Re: Haskell Platform Proposal: add the 'text' library

8 Sep 2010

      On Tue, Sep 7, 2010 at 6:21 PM, Duncan Coutts
wrote:
...
Here's an alternative argument: suppose we change the representation
of strict text to be a tree of chunks (e.g. finger tree). We could
achieve effecient concatenation. This representation would be
impossible while preserving semantics of a lazy tail. A tree impl that
has any kind of balance needs to know the overall length so cannot
have a lazy tail.
A minor addendum to this point, something based on a bootstrapped skew
binomial list of bytestrings can give you a lazy tail and O(log n) indexing
and drop, but it loses the cheap append which was the original motivation,
so while I find it occasionally useful as a quickly indexable, potentially
infinite list, with interesting asymptotics, I'd hesitate to propose it for
any sort of standard library.
...
Did you consider keeping the number of characters in the Text directly?
Is there a reason it couldn't be done?
There's little point. Knowing the length does not usually help you
...
save any other O(n) operations. It'd also only help for strict text,
not lazy. Just like lists, asking for the length is usually not a good
idea.
Actually it _can_ help quite a bit to know the number of characters (not
just words) present in the input:

It can tell you of the absence of surrogate pairs if the length (in
characters) is the same as the number of words. This then lets you do
indexing as an O(1) operation. I used this in a simple fingertree of utf-8
encoded bytestrings to enable faster indexing into leaves that didn't have
utf-8 tailbytes present. Since a lot of UTF-8 text has huge swathes of ASCII
content, this turned out to be a pretty big win for me. Since the vast
majority of UTF-16 text probably contains all Plane 0 (UCS2) content, you
can get similar wins. The cost is that you either have to have a sentinel
'don't know' value or pay to scan any arrays that you directly convert to
Text.

As an aside:

I want to like and use Data.Text, but I haven't been able to. Too many of
the operations devolve to O(n) that could be O(1) if I had some way to slice
based on cursors into the data type, and the current API locks me out of the
internals, so I can't write those functions myself. With ByteString at
least, if I must, I can go grab the Data.Bytestring.Internal module and have
at it. I'm all for a clean API, but a clean API that hurts asymptotics
invites a lot of re-invention on the fringes of the community.

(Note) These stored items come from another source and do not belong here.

text \<open>The permutation representation on the cosets of \<open>N\<close>.\<close>

lemma exists_rep_trivial_on_normal:
  fixes G (structure)
  assumes G: "group G" and fin: "finite (carrier G)" and NG: "N \<lhd> G"
    and g: "g \<in> carrier G" "g \<notin> N"
  shows "\<exists>r \<rho>. is_rep G r \<rho> \<and> 0 < r \<and> (\<forall>y\<in>N. \<rho> y = 1\<^sub>m r) \<and> \<rho> g \<noteq> 1\<^sub>m r"
proof -
  interpret group G by (rule G)
  interpret normal N G by (rule NG)
  have NC: "N \<subseteq> carrier G" by (rule subset)
  have RP: "rcosets N \<subseteq> Pow (carrier G)" by (rule rcosets_subset_PowG[OF subgroup_axioms])
  obtain cs where cs: "set cs = rcosets N" "distinct cs"
    using finite_distinct_list finite_subset[OF RP] fin by (metis finite_Pow_iff)
  have RC: "C \<subseteq> carrier G" if "C \<in> rcosets N" for C using RP that by auto
  have lcos: "\<exists>a\<in>carrier G. C = a <#\<^bsub>G\<^esub> N" if "C \<in> rcosets N" for C
    using that coset_eq unfolding RCOSETS_def by auto
  have closed: "x <#\<^bsub>G\<^esub> C \<in> rcosets N" if C: "C \<in> rcosets N" and x: "x \<in> carrier G" for x C
  proof -
    obtain a where a: "a \<in> carrier G" "C = a <#\<^bsub>G\<^esub> N" using lcos[OF C] by auto
    have "x <#\<^bsub>G\<^esub> C = N #> (x \<otimes> a)" using lcos_m_assoc[OF NC x a(1)] coset_eq x a by simp
    thus ?thesis using rcosetsI[OF NC] x a by simp
  qed
  have fixed: "y <#\<^bsub>G\<^esub> C = C" if y: "y \<in> N" and C: "C \<in> rcosets N" for y C
  proof -
    obtain a where a: "a \<in> carrier G" "C = a <#\<^bsub>G\<^esub> N" using lcos[OF C] by auto
    have yc: "y \<in> carrier G" using y NC by auto
    have "y <#\<^bsub>G\<^esub> C = (N #> y) #> a"
      using lcos_m_assoc[OF NC yc a(1)] coset_eq yc a coset_mult_assoc[OF NC yc a(1)] by simp
    also have "\<dots> = C" using rcos_const[OF G y] coset_eq a by simp
    finally show ?thesis .
  qed
  define \<rho> where "\<rho> = perm_mat_rep cs (\<lambda>x C. x <#\<^bsub>G\<^esub> C)"
  have "is_rep G (length cs) \<rho>"
    unfolding \<rho>_def using cs closed lcos_mult_one[OF RC] lcos_m_assoc[OF RC]
    by (intro perm_mat_rep_is_rep) auto
  moreover have "N \<in> set cs" using cs rcosetsI[OF NC, of "\<one>"] coset_mult_one[OF NC] by simp
  moreover have "g <#\<^bsub>G\<^esub> N \<noteq> N" using g one_closed unfolding l_coset_def by force
  ultimately show ?thesis
    unfolding \<rho>_def using perm_mat_rep_eq_one[OF cs(2)] perm_mat_rep_neq_one fixed cs(1)
    by (metis length_pos_if_in_set)
qed

section \<open>Characters and the center\<close>

lemma center_normal:
  fixes G (structure)
  assumes G: "group G"
  shows "grp_center G \<lhd> G"
proof -
  interpret group G by (rule G)
  have sub: "subgroup (grp_center G) G"
  proof (rule subgroupI)
    show "grp_center G \<subseteq> carrier G" unfolding grp_center_def by auto
    show "grp_center G \<noteq> {}" unfolding grp_center_def by (auto intro!: exI[of _ \<one>])
    fix a assume a: "a \<in> grp_center G"
    hence ac: "a \<in> carrier G" and ca: "\<forall>x\<in>carrier G. x \<otimes> a = a \<otimes> x" unfolding grp_center_def by auto
    have "x \<otimes> inv a = inv a \<otimes> x" if x: "x \<in> carrier G" for x
    proof -
      have "x \<otimes> inv a = inv a \<otimes> (a \<otimes> x) \<otimes> inv a" using ac x by (simp add: m_assoc[symmetric])
      also have "\<dots> = inv a \<otimes> (x \<otimes> a) \<otimes> inv a" using ca x by simp
      also have "\<dots> = inv a \<otimes> x" using ac x by (simp add: m_assoc)
      finally show ?thesis .
    qed
    thus "inv a \<in> grp_center G" unfolding grp_center_def using ac by auto
    fix b assume b: "b \<in> grp_center G"
    hence bc: "b \<in> carrier G" and cb: "\<forall>x\<in>carrier G. x \<otimes> b = b \<otimes> x" unfolding grp_center_def by auto
    have "x \<otimes> (a \<otimes> b) = (a \<otimes> b) \<otimes> x" if x: "x \<in> carrier G" for x
    proof -
      have "x \<otimes> (a \<otimes> b) = (x \<otimes> a) \<otimes> b" using x ac bc by (simp add: m_assoc)
      also have "\<dots> = a \<otimes> (x \<otimes> b)" using ca x ac bc by (simp add: m_assoc)
      also have "\<dots> = a \<otimes> (b \<otimes> x)" using cb x by simp
      also have "\<dots> = (a \<otimes> b) \<otimes> x" using x ac bc by (simp add: m_assoc)
      finally show ?thesis .
    qed
    thus "a \<otimes> b \<in> grp_center G" unfolding grp_center_def using ac bc by auto
  qed
  show ?thesis unfolding normal_inv_iff
  proof (intro conjI sub ballI)
    fix x h assume x: "x \<in> carrier G" and h: "h \<in> grp_center G"
    hence "x \<otimes> h \<otimes> inv x = h" unfolding grp_center_def by (simp add: m_assoc)
    thus "x \<otimes> h \<otimes> inv x \<in> grp_center G" using h by simp
  qed
qed

lemma eq_smult_one_mat_if_eigen:
  fixes A :: "'a::comm_ring_1 mat"
  assumes A: "A \<in> carrier_mat n n" and ev: "\<And>w. w \<in> carrier_vec n \<Longrightarrow> A *\<^sub>v w = \<mu> \<cdot>\<^sub>v w"
  shows "A = \<mu> \<cdot>\<^sub>m 1\<^sub>m n"
proof (rule eq_matI)
  fix i j assume "i < dim_row (\<mu> \<cdot>\<^sub>m 1\<^sub>m n)" "j < dim_col (\<mu> \<cdot>\<^sub>m 1\<^sub>m n)"
  hence ij: "i < n" "j < n" by auto
  have "(A *\<^sub>v unit_vec n j) $ i = (\<Sum>l = 0..<n. A $$ (i, l) * (if l = j then 1 else 0))"
    using A ij by (simp add: mult_mat_vec_def scalar_prod_def unit_vec_def)
  also have "\<dots> = A $$ (i,j)" using ij by (simp add: if_distrib cong: if_cong)
  finally show "A $$ (i,j) = (\<mu> \<cdot>\<^sub>m 1\<^sub>m n) $$ (i,j)"
    using ev[of "unit_vec n j"] ij by simp
qed (use A in auto)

But really the last nail in the coffin for me, is that often I want to be
able to just mmap data in from disk and use it, and rarely is my data on
disk stored in UTF-16.

Those nits aside, overall, Text provides a clean API for what it does, and
I'm completely on board with its inclusion in the platform (but I would
really really appreciate having access via a scary deprecated
please-don't-use-me Internal module to its guts!)

-Edward Kmett